_What you should do:_
From the line with "unfolding householder_def[abs_def] by" to the line with "(norm u)\<^sup>2) *", retype every line exactly, including those two, and leave out the rest of the data below.

(Records excerpted from a collection)
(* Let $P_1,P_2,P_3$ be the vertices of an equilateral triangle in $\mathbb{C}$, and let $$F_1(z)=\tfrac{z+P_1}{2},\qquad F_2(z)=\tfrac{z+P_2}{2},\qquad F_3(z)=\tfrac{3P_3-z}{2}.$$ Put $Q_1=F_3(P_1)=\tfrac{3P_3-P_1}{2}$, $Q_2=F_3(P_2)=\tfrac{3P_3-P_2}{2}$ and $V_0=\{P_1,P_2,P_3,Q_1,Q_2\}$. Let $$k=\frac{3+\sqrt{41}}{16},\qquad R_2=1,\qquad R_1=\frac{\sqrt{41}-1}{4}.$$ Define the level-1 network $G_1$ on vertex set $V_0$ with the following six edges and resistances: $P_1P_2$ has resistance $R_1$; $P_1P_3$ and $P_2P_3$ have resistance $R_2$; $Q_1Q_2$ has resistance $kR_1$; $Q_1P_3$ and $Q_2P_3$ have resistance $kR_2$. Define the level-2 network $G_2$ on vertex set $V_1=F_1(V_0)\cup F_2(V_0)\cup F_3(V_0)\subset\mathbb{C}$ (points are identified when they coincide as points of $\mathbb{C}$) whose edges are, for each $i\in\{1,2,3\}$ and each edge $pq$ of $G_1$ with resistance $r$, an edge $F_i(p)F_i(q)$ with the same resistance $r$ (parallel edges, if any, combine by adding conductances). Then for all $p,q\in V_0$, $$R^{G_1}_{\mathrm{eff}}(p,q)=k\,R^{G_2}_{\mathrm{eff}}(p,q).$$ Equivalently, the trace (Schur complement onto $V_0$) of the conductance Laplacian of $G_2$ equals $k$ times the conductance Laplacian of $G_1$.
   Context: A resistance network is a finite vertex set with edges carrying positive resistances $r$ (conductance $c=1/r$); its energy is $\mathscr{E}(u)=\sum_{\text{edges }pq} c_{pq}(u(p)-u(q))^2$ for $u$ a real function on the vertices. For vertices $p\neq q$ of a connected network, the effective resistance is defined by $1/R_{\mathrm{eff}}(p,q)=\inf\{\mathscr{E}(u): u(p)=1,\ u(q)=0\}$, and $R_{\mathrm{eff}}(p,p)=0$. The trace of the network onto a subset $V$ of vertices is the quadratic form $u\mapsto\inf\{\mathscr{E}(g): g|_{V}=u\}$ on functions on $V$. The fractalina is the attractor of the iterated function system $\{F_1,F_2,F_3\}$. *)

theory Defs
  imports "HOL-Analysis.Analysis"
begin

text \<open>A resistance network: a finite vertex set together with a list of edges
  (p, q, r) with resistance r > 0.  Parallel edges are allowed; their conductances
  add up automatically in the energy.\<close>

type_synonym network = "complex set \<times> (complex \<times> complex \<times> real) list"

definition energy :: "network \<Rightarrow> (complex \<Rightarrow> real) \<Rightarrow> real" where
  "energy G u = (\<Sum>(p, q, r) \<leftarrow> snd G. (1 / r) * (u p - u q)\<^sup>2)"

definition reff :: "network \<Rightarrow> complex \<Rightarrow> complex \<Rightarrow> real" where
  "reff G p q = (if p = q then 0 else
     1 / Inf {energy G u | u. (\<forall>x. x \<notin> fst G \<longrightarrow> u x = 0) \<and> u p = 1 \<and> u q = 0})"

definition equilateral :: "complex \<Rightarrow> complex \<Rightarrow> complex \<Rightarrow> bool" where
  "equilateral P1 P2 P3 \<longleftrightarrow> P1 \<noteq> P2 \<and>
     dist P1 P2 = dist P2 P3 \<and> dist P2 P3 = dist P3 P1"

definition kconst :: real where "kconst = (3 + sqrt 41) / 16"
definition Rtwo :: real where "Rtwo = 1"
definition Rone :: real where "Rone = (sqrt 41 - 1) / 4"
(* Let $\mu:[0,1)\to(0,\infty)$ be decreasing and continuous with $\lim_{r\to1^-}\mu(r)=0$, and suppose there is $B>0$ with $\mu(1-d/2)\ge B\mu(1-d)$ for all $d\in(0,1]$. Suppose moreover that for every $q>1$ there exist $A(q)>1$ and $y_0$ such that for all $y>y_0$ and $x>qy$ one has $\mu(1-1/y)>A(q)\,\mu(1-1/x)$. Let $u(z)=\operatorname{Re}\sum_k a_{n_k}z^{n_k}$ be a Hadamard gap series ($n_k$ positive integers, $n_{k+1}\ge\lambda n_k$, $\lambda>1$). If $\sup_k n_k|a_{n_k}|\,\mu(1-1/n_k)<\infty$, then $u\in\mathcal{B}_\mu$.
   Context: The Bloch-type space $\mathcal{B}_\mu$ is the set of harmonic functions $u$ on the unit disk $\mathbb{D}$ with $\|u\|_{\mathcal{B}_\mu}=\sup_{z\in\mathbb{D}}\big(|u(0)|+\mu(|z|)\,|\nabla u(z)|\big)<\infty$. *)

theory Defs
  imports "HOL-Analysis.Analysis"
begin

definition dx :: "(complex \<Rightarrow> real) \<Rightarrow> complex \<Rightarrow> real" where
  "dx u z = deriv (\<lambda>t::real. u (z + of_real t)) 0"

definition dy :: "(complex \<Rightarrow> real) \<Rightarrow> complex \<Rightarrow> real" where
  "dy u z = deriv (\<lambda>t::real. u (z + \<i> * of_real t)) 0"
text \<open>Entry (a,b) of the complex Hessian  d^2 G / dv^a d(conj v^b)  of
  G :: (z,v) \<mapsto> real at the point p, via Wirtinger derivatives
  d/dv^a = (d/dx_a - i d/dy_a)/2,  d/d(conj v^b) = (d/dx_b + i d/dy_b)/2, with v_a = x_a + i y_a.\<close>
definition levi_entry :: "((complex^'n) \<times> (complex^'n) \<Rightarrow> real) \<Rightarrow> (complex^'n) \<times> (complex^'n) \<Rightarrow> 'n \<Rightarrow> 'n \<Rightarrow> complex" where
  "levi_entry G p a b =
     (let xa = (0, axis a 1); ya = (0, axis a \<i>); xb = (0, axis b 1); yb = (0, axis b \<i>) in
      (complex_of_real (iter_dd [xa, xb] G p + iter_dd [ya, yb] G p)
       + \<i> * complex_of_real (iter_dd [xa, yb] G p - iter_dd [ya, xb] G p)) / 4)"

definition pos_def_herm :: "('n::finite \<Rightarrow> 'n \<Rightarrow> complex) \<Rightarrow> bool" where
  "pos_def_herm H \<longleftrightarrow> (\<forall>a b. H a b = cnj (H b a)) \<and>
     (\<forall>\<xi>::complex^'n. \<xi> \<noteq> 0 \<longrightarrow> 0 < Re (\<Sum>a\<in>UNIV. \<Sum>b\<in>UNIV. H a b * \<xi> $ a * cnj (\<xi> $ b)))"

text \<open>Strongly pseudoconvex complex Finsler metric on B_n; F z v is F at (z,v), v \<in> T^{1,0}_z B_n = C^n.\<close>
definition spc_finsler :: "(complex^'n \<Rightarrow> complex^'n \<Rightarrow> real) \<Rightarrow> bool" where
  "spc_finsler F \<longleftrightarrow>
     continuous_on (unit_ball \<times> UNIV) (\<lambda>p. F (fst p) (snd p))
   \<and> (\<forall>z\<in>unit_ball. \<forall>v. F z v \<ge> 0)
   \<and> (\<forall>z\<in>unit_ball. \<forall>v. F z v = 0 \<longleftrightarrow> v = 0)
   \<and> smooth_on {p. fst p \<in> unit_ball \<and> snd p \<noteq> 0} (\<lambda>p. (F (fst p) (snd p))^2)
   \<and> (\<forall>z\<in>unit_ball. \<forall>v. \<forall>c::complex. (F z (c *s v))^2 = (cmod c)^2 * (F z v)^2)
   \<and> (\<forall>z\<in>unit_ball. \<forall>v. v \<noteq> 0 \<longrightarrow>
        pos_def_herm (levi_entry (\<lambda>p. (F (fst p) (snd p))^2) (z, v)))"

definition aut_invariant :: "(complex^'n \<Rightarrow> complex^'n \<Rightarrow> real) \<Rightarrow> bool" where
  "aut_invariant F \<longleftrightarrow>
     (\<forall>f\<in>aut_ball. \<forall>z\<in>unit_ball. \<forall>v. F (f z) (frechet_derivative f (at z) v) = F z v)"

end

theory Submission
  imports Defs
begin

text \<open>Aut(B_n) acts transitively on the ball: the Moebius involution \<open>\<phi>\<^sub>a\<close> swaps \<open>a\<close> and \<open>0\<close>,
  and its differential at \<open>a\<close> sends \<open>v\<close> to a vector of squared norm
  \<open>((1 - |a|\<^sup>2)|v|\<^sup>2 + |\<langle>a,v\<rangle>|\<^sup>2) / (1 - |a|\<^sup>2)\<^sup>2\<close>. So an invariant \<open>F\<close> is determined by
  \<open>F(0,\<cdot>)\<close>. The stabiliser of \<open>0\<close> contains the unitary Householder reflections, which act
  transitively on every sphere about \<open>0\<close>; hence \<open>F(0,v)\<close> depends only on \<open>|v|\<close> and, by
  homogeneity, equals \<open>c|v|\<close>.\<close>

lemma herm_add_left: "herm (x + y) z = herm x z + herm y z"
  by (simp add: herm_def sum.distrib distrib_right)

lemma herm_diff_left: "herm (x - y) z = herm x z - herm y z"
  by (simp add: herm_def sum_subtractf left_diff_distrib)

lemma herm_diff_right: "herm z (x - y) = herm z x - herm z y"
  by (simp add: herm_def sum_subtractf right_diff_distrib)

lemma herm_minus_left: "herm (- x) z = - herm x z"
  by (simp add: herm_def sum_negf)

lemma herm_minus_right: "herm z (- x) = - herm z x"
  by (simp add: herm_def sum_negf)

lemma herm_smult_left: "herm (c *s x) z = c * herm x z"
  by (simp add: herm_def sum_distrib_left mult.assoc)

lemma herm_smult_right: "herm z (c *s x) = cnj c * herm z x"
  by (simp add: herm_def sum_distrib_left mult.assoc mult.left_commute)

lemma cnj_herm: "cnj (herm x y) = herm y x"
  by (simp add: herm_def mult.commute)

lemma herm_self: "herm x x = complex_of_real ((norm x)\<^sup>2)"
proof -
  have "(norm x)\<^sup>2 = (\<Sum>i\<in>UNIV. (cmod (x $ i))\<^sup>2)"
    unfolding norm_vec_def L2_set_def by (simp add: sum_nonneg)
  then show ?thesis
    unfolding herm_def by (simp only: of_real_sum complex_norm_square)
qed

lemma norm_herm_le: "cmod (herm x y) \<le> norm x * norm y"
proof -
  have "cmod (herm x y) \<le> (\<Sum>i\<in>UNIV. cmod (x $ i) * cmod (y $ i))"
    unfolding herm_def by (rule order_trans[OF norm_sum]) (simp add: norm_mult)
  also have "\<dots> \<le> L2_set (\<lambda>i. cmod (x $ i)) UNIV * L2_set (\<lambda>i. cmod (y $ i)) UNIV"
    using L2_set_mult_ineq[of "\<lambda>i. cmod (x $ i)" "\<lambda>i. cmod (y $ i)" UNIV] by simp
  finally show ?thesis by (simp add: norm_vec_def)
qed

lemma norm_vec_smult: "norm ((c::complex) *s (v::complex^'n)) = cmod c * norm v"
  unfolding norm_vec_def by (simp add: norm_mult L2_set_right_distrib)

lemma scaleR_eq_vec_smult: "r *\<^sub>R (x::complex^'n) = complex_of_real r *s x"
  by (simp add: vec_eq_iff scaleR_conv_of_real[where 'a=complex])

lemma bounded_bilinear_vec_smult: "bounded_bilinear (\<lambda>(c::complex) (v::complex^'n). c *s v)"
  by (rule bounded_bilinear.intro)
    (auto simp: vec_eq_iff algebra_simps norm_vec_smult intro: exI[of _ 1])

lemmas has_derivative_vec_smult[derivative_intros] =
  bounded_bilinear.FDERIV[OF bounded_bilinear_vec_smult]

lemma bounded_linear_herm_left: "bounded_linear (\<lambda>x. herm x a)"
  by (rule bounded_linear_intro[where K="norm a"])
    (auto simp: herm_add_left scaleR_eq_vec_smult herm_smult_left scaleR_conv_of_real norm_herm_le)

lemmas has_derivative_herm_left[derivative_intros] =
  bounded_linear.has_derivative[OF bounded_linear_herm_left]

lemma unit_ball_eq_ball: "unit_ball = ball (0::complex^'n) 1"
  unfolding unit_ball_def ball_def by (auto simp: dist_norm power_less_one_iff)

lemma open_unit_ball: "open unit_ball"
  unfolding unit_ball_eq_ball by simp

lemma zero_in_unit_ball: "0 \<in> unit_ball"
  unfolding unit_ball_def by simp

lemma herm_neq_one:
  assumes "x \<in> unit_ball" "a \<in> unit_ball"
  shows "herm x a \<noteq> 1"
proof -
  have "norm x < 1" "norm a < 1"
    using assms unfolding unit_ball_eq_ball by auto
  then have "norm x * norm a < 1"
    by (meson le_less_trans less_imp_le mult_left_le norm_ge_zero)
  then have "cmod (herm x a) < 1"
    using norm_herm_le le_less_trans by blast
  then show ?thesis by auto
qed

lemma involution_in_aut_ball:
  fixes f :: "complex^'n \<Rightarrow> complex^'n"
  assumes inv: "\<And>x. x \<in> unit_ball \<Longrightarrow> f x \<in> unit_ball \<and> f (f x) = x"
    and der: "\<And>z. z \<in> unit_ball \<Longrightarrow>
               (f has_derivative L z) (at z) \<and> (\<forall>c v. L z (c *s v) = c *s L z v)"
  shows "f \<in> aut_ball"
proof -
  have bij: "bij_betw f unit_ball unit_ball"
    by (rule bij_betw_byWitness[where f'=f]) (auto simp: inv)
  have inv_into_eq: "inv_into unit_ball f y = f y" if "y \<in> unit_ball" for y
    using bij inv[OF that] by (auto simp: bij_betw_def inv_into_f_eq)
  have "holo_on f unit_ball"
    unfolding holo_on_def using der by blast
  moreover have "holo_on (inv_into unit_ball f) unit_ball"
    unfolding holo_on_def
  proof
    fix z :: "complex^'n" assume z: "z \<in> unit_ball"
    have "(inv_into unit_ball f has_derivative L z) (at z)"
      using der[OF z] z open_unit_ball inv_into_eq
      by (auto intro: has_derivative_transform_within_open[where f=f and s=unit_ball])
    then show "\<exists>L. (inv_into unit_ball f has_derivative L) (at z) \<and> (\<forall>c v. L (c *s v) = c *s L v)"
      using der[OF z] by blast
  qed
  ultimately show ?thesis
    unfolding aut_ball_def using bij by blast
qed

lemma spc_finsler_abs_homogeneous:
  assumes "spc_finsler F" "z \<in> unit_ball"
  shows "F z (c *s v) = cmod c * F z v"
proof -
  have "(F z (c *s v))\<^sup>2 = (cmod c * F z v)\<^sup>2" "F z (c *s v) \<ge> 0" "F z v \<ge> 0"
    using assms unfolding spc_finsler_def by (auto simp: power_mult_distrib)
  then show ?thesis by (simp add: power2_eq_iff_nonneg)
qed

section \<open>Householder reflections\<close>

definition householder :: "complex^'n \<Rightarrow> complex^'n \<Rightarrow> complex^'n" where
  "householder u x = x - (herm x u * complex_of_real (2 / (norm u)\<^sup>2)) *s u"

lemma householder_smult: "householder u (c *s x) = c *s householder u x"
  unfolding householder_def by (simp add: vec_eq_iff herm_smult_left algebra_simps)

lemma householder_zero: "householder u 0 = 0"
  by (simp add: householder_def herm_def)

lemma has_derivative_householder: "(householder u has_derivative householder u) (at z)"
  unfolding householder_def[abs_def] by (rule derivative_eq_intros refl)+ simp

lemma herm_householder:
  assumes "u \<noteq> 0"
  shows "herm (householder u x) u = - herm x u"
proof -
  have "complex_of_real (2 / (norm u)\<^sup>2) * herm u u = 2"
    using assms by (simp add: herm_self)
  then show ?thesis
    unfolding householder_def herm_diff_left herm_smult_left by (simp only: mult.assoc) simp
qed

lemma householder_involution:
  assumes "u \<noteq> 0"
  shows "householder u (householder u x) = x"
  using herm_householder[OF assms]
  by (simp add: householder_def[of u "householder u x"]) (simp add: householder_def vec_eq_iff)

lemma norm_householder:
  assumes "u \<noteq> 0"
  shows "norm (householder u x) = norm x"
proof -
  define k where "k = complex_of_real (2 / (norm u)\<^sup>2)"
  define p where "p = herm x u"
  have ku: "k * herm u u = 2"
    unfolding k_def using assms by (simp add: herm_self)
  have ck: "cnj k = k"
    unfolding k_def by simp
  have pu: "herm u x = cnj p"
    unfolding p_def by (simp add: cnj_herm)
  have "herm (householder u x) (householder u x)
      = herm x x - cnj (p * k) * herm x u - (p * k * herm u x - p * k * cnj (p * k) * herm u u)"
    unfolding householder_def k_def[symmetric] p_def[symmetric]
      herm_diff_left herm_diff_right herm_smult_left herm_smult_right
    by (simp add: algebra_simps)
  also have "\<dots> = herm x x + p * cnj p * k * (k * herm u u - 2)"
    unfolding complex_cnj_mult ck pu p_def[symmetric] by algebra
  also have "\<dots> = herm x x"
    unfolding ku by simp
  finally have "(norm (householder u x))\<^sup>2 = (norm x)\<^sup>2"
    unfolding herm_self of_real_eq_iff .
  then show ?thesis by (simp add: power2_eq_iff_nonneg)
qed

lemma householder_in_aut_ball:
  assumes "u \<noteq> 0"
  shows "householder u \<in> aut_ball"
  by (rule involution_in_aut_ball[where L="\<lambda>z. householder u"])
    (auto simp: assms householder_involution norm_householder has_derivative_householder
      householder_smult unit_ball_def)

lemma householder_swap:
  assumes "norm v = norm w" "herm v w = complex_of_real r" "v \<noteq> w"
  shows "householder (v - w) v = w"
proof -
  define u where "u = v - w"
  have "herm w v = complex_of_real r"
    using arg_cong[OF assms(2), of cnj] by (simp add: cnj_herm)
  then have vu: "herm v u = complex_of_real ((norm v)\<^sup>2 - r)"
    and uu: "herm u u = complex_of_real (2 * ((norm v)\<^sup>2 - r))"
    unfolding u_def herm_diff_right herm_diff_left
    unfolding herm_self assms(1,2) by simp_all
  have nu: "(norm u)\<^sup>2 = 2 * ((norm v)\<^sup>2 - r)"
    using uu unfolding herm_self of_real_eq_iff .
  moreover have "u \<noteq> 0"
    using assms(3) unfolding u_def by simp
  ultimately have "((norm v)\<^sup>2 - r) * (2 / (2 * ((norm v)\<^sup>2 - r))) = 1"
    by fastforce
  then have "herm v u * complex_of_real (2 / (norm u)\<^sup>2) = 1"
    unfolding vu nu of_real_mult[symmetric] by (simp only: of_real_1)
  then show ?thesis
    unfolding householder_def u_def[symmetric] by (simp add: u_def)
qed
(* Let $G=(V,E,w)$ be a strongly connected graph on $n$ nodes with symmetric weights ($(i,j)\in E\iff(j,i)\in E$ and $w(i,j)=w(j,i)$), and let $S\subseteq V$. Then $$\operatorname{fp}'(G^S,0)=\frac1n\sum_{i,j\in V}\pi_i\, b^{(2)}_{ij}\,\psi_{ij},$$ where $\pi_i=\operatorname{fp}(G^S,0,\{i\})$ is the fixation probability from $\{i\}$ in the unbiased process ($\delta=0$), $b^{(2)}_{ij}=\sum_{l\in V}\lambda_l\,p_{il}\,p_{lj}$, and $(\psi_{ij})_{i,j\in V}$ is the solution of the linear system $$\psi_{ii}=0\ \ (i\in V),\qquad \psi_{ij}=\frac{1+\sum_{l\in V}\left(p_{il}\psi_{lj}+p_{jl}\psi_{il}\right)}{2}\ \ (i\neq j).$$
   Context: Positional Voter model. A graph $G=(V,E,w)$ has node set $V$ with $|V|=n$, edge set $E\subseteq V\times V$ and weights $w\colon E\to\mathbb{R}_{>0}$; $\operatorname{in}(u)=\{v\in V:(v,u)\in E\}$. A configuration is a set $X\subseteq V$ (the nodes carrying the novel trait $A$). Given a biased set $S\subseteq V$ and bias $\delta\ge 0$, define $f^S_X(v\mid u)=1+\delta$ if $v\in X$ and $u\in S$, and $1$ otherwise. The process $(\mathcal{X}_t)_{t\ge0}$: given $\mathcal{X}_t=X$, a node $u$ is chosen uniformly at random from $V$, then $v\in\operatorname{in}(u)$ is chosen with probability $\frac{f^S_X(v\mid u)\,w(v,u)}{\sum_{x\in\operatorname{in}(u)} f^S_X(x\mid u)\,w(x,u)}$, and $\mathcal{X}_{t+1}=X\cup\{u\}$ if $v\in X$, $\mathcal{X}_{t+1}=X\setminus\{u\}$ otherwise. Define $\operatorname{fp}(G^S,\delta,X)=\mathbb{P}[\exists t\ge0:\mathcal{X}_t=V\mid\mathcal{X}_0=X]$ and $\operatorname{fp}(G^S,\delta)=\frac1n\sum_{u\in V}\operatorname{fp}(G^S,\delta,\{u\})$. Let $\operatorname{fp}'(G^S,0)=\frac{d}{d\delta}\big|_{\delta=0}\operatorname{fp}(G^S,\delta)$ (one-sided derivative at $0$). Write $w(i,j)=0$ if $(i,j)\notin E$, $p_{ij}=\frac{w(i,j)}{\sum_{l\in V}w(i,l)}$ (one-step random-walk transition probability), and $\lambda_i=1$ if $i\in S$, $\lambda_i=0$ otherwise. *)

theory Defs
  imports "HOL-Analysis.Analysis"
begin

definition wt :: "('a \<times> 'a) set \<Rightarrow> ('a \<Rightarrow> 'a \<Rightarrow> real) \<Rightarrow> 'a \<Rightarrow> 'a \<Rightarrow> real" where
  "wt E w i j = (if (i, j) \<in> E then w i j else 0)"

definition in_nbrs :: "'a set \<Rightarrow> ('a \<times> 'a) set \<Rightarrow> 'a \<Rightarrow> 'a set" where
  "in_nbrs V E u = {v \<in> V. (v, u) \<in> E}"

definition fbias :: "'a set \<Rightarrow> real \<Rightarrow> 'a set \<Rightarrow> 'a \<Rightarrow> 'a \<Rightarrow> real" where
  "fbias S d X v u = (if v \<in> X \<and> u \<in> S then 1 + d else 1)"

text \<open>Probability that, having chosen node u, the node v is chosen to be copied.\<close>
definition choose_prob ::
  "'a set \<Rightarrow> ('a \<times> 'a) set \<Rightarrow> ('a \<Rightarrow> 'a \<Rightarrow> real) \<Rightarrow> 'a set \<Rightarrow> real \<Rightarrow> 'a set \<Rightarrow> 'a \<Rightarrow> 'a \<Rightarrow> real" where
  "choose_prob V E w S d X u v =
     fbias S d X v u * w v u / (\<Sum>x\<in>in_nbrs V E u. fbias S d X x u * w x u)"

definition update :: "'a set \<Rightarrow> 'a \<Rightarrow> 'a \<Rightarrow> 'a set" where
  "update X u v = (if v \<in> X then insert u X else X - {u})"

_Your solution:_
  unfolding householder_def[abs_def] by (rule derivative_eq_intros refl)+ simp

lemma herm_householder:
  assumes "u \<noteq> 0"
  shows "herm (householder u x) u = - herm x u"
proof -
  have "complex_of_real (2 / (norm u)\<^sup>2) * herm u u = 2"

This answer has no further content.